- Developer: Milestone
- Publisher: Milestone
- Engine: Unreal Engine 4
- Platforms: PlayStation 4; Windows; Xbox One; PlayStation 5; Xbox Series X/S;
- Release: Win, PS4, XONE WW: October 8, 2020; ; PS5, Xbox Series X/S WW: January 21, 2021; ;
- Genre: Racing
- Modes: Single-player, multiplayer

= Ride 4 =

Ride 4 is a racing video game developed and published by Milestone. Players engage in motorcycle racing, either single-player or multiplayer.

== Gameplay ==
Players engage in motorcycle racing using one of 170 motorcycles in 30 circuits, some of which are licensed. It has online multiplayer.

== Development ==
Milestone released Ride 4 on Windows, PlayStation 4, and Xbox One on October 8, 2020. They ported it to the PlayStation 5 and Xbox Series X/S on January 21, 2021.

== Reception ==
On the review aggregation website Metacritic, Ride 4 received positive reviews on Windows and the Xbox One.

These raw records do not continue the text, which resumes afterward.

lemma near_shear_Qact_coeffs:
  fixes \<epsilon> C2 C3 a b \<alpha> \<beta> \<gamma> \<delta> :: real
  assumes \<epsilon>: "0 < \<epsilon>" "C3 * \<epsilon>\<^sup>2 \<le> 1/2"
    and entries: "\<bar>\<alpha>\<bar> \<le> C3" "\<bar>\<beta>\<bar> \<le> C3" "\<bar>\<gamma>\<bar> \<le> C3" "\<bar>\<delta>\<bar> \<le> C3"
    and ab: "C3 * \<epsilon> < a - \<bar>b\<bar>" "a + \<bar>b\<bar> \<le> C2"
  shows "near_shear (1 + \<epsilon>\<^sup>2 * \<alpha>) ((a - b - \<epsilon> * \<beta>) * \<epsilon>) (- ((a + b + \<epsilon> * \<gamma>) * \<epsilon>))
           (1 + \<epsilon>\<^sup>2 * \<delta>) ((C2 + C3 * \<epsilon>) * \<epsilon>) (C3 * \<epsilon>\<^sup>2)"
proof unfold_locales
  have "\<epsilon>\<^sup>2 * \<bar>\<alpha>\<bar> \<le> \<epsilon>\<^sup>2 * C3" "\<epsilon>\<^sup>2 * \<bar>\<delta>\<bar> \<le> \<epsilon>\<^sup>2 * C3"
    using entries by (simp_all add: mult_left_mono)
  thus "\<bar>1 + \<epsilon>\<^sup>2 * \<alpha> - 1\<bar> \<le> C3 * \<epsilon>\<^sup>2" "\<bar>1 + \<epsilon>\<^sup>2 * \<delta> - 1\<bar> \<le> C3 * \<epsilon>\<^sup>2"
    by (simp_all add: abs_mult ac_simps)
  show "C3 * \<epsilon>\<^sup>2 \<le> 1/2" by (fact \<epsilon>(2))
  have "\<bar>\<epsilon> * \<beta>\<bar> \<le> C3 * \<epsilon>" "\<bar>\<epsilon> * \<gamma>\<bar> \<le> C3 * \<epsilon>"
    using \<epsilon>(1) entries by (simp_all add: abs_mult mult.commute mult_left_mono)
  hence "0 < a - b - \<epsilon> * \<beta>" "a - b - \<epsilon> * \<beta> \<le> C2 + C3 * \<epsilon>"
    "0 < a + b + \<epsilon> * \<gamma>" "a + b + \<epsilon> * \<gamma> \<le> C2 + C3 * \<epsilon>"
    using ab by (auto simp: abs_le_iff)
  thus "0 < (a - b - \<epsilon> * \<beta>) * \<epsilon>" "(a - b - \<epsilon> * \<beta>) * \<epsilon> \<le> (C2 + C3 * \<epsilon>) * \<epsilon>"
    "- ((a + b + \<epsilon> * \<gamma>) * \<epsilon>) < 0" "- (- ((a + b + \<epsilon> * \<gamma>) * \<epsilon>)) \<le> (C2 + C3 * \<epsilon>) * \<epsilon>"
    using \<epsilon>(1) by (simp_all add: mult_right_mono)
qed

lemma two_mult_lt_xminus:
  fixes E A B C :: real
  assumes "1 < E" "0 \<le> A" "0 < C" "0 < B" "B \<le> 1/2"
  shows "2 * C < E * ((B\<^sup>2 + 4 * A * C) * C) / B ^ 3"
proof -
  have "2 * C \<le> C / B" using assms(3-5) by (simp add: divide_simps)
  also have "\<dots> < E * C / B" using assms(1,3,4) by (simp add: divide_strict_right_mono)
  also have "\<dots> = E * (B\<^sup>2 * C) / B ^ 3" using assms(4) by (simp add: power2_eq_square power3_eq_cube)
  also have "\<dots> \<le> E * ((B\<^sup>2 + 4 * A * C) * C) / B ^ 3"
    using assms by (intro divide_right_mono mult_left_mono mult_right_mono) auto
  finally show ?thesis .
qed

lemma quadratic_margin:
  fixes A B C k t :: real
  assumes "0 < B" "0 \<le> C" "0 \<le> t" "t \<le> 1" "1 < k" "k\<^sup>2 * t \<le> k - 1" "4 * A * C = t * B\<^sup>2"
  defines "U \<equiv> k * C * (1 + t) / B"
  shows "C \<le> B * U - A * U\<^sup>2"
proof -
  have "B * U = k * C * (1 + t)" using assms(1) by (simp add: U_def)
  moreover have "A * U\<^sup>2 = k\<^sup>2 * C * (1 + t)\<^sup>2 * (t / 4)"
  proof -
    have "A * U\<^sup>2 = (4 * A * C) * (k\<^sup>2 * C * (1 + t)\<^sup>2) / (4 * B\<^sup>2)"
      by (simp add: U_def power_divide power_mult_distrib power2_eq_square)
    thus ?thesis using assms(1,7) by (simp add: power2_eq_square)
  qed
  moreover have "(1 + t)\<^sup>2 * (t / 4) \<le> t"
    using assms(3,4) mult_right_mono[of "(1 + t)\<^sup>2" 4 "t / 4"] power_mono[of "1 + t" 2 2] by simp
  hence "k\<^sup>2 * C * ((1 + t)\<^sup>2 * (t / 4)) \<le> k\<^sup>2 * C * t"
    using assms(2) by (intro mult_left_mono) auto
  moreover have "0 \<le> k * C * t" using assms(2,3,5) by simp
  moreover have "k\<^sup>2 * C * t \<le> (k - 1) * C"
    using mult_right_mono[OF assms(6,2)] by (simp add: mult_ac)
  ultimately show ?thesis by (simp add: algebra_simps)
qed

lemma quadratic_margin_point_bound:
  fixes A B C k t :: real
  assumes "0 < B" "B \<le> 1/2" "0 \<le> C" "C \<le> A" "0 \<le> t" "t \<le> 1" "1 < k" "k\<^sup>2 * t \<le> k - 1"
    "4 * A * C = t * B\<^sup>2"
  shows "C * (k * C * (1 + t) / B) < 1/2"
proof -
  have "k * (k * t) < k * 1" using assms(8) by (simp add: power2_eq_square mult.assoc)
  hence "k * t < 1" using assms(7) by simp
  have "C * (k * C * (1 + t) / B) = k * (1 + t) * (C * C) / B" by simp
  also have "\<dots> \<le> k * (1 + t) * (A * C) / B"
    using assms(1,3,4,5,7) by (intro divide_right_mono mult_left_mono mult_right_mono) auto
  also have "\<dots> = k * t * ((1 + t) * B) / 4"
  proof -
    have AC: "A * C = t * B\<^sup>2 / 4" using assms(9) by simp
    show ?thesis unfolding AC using assms(1) by (simp add: field_simps power2_eq_square)
  qed
  also have "\<dots> \<le> k * t / 4"
  proof -
    have "(1 + t) * B \<le> 2 * (1/2)" using assms(1,2,6) by (intro mult_mono) auto
    moreover have "0 \<le> k * t" using assms(5,7) by simp
    ultimately show ?thesis by (simp add: mult_left_le)
  qed
  finally show ?thesis using \<open>k * t < 1\<close> by linarith
qed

The PlayStation 4 and 5 versions received mixed reviews. Fellow review aggregator OpenCritic assessed that the game received fair approval, being recommended by 58% of critics. Shacknews said that, for fans of motorcycle racing, it "needs to be on your shortlist". GamingBolt praised the visuals but said the content and controls feel like they are 10 years older. Although they felt veterans would like it, they said beginners may find it brutally difficult. Hardcore Gamer called it "the best entry in the series" and "challenging, but in a good way". A gameplay video for the PlayStation 5 went viral for its photorealistic graphics. Eurogamer looked at Race 4 after the video went viral. They said Race 4 is "certainly very impressive", though the photorealistic graphics during gameplay are somewhat more limited than during the video. For example, while playing, the camera is positioned less realistically for player comfort and playability, and the more realistic camera angle is used for replays. Also reviewing the PlayStation 5 version, Push Square wrote, "Outside of its great use of the DualSense, Ride 4 is a frustrating and disappointing experience." They felt the game did not innovate enough over the PlayStation 4 version and criticized real money transactions, what they felt was a boring campaign, and the lack of a tutorial and local multiplayer.